───── MATERIAL PROVIDED ─────
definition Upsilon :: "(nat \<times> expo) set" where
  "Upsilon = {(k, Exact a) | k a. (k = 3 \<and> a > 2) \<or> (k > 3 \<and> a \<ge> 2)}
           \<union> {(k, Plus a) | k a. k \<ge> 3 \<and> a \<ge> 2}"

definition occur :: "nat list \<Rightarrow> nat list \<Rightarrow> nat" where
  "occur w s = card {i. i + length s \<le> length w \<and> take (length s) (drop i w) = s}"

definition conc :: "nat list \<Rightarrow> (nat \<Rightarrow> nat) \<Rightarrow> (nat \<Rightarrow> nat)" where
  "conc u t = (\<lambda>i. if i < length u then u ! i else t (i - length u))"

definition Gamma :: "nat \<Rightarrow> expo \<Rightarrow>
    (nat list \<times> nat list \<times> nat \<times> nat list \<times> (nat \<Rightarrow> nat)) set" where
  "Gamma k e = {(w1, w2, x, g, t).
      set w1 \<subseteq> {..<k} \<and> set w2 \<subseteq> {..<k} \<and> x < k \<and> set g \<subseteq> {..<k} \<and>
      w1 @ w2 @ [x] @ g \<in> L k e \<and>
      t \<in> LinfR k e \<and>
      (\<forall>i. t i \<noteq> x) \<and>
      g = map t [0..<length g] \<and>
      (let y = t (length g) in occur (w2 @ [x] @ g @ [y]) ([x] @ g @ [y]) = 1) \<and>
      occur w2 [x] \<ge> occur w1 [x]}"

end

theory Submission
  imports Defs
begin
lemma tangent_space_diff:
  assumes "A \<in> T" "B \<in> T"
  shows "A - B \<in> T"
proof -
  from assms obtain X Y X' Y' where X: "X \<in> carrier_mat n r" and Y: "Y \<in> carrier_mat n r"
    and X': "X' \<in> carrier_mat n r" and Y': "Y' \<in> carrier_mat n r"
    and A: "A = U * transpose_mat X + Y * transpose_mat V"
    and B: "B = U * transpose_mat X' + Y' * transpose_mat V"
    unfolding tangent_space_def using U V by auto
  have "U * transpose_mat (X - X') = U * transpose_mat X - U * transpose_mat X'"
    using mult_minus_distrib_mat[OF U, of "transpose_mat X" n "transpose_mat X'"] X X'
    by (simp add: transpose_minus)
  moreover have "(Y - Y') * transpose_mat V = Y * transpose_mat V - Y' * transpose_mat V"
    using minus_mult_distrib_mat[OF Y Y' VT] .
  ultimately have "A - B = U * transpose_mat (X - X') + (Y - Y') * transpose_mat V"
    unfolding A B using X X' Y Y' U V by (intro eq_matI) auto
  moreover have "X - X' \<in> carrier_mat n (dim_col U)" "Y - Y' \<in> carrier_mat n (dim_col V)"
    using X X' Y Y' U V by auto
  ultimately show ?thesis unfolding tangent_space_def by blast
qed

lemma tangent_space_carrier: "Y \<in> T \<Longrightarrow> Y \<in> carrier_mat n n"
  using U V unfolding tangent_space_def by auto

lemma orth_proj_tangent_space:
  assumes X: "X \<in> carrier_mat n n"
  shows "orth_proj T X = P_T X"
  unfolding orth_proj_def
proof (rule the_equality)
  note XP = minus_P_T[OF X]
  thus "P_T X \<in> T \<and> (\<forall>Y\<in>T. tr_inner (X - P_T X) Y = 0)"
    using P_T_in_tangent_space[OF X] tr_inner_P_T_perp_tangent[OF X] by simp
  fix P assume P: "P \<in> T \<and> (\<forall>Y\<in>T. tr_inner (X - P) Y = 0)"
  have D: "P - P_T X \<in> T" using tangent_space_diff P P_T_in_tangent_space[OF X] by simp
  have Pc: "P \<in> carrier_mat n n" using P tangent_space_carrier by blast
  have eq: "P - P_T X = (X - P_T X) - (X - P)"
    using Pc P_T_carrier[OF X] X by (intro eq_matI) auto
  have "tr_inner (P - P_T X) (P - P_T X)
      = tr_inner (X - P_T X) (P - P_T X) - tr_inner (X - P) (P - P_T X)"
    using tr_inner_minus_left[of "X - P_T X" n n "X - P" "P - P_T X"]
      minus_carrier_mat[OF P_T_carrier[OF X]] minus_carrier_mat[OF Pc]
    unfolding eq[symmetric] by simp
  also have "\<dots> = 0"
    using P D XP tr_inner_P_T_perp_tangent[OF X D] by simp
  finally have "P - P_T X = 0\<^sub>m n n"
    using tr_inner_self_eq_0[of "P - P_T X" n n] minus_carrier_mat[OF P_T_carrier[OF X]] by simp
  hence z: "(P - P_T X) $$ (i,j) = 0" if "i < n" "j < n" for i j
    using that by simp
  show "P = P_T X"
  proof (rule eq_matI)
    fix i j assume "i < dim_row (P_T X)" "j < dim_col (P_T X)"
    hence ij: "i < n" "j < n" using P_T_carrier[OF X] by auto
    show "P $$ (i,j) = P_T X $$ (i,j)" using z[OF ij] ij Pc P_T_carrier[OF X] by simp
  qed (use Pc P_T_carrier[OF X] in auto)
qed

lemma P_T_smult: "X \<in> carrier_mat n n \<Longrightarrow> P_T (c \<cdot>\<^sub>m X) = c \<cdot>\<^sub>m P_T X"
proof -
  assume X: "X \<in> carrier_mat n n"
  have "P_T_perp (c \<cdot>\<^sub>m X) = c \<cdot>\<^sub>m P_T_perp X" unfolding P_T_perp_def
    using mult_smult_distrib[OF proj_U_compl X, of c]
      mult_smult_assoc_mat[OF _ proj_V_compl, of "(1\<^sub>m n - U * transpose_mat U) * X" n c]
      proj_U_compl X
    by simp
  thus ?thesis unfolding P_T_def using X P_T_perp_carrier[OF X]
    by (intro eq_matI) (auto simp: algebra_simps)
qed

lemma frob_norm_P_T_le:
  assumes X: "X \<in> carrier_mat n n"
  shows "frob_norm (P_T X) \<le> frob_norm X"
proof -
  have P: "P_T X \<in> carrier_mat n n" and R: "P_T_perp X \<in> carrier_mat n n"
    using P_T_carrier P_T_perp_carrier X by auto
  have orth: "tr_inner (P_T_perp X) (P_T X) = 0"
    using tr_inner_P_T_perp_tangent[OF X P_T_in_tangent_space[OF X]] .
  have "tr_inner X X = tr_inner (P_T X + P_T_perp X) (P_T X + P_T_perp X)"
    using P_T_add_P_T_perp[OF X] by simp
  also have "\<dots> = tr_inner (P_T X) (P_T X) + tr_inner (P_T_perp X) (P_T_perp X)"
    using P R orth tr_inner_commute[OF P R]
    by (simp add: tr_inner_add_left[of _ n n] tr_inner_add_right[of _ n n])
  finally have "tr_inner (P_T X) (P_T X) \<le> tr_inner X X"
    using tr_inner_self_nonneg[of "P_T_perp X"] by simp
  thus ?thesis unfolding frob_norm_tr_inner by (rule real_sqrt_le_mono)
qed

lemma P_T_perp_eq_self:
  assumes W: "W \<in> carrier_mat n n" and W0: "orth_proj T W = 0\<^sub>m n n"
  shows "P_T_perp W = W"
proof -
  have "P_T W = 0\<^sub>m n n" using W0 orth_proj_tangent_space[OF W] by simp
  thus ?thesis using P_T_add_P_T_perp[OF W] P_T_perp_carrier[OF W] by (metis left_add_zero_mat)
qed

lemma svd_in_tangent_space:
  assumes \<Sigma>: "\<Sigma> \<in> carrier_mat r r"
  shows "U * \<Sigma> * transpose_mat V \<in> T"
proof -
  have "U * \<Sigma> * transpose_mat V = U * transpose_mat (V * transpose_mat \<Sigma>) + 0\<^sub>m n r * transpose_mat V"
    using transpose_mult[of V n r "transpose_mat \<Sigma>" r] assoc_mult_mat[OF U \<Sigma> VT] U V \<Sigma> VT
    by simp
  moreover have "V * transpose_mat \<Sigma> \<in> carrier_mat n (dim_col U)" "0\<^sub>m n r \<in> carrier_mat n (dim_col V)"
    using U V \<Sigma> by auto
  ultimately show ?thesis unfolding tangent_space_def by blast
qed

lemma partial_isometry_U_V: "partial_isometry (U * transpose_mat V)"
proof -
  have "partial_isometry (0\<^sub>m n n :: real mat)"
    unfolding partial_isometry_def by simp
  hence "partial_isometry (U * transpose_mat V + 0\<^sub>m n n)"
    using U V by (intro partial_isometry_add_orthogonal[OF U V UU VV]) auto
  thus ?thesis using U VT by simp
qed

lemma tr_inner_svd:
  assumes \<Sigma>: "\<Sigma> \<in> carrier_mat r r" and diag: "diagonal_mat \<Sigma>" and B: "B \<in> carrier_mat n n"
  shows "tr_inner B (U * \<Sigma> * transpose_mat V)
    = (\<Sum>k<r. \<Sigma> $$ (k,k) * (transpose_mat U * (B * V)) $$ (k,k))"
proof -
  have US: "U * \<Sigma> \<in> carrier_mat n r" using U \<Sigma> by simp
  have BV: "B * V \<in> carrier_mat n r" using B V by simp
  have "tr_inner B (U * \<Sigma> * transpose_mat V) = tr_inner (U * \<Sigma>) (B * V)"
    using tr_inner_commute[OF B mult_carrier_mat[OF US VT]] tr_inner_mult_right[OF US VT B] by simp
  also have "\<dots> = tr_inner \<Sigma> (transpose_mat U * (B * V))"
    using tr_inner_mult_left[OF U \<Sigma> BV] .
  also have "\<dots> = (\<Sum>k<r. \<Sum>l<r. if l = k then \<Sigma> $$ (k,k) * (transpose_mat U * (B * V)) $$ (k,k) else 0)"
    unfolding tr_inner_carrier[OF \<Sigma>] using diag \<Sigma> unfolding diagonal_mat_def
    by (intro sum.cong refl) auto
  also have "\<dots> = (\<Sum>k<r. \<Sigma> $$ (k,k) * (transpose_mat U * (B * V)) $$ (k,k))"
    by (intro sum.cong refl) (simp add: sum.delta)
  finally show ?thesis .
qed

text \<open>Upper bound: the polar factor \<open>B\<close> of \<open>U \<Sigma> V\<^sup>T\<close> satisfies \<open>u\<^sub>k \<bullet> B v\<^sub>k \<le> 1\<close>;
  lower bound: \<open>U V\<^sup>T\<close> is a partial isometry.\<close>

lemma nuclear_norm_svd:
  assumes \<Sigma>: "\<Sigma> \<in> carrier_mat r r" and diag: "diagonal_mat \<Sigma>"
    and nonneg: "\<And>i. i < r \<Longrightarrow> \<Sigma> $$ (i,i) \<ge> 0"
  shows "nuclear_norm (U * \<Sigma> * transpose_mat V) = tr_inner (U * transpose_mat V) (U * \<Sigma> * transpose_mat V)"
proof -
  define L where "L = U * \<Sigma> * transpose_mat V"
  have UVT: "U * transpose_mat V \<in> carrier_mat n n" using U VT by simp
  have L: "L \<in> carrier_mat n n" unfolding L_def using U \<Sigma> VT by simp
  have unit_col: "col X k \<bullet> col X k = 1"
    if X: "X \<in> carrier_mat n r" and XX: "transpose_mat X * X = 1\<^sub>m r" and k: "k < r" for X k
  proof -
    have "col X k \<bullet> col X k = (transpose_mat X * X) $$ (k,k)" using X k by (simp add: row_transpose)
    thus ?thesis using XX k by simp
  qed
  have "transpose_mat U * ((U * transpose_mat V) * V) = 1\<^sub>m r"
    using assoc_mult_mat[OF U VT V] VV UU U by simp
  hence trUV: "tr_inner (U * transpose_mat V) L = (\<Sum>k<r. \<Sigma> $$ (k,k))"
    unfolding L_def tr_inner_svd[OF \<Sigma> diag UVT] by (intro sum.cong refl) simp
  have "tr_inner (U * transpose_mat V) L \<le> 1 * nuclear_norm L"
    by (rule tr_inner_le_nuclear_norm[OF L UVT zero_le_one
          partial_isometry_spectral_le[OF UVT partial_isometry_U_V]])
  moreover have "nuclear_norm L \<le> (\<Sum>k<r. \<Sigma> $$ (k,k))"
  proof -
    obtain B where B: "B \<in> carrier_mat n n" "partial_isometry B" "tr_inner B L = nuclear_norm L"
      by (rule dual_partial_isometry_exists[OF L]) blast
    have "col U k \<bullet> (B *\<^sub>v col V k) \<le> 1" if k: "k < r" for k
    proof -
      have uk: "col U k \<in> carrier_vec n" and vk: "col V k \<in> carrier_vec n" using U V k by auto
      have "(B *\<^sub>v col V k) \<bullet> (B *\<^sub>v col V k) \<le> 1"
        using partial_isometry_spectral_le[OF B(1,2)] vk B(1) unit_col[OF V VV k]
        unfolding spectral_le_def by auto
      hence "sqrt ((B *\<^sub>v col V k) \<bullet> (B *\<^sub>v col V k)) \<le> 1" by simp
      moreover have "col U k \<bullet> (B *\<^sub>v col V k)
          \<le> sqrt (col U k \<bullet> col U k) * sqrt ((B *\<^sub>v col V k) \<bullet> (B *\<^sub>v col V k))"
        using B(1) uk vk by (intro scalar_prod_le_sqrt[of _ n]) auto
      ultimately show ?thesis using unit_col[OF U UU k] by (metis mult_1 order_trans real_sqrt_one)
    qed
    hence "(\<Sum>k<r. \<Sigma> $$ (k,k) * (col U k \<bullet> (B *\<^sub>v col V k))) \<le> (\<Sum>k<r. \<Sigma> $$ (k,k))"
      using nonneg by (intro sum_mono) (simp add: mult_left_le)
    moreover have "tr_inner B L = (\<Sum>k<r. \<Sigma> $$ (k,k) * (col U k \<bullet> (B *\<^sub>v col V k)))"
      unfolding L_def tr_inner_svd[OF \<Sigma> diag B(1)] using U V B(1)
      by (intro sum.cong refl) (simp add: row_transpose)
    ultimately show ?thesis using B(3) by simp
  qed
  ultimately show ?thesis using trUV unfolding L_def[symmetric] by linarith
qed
─────
■ EXERCISE OBJECTIVE: Your answer should consist only of the lines from the one with "ultimately show ?thesis using B(3)" through the last line of the entries above, retyped exactly.

■ PROBLEM SOLUTION:
    ultimately show ?thesis using B(3) by simp
  qed
  ultimately show ?thesis using trUV unfolding L_def[symmetric] by linarith
qed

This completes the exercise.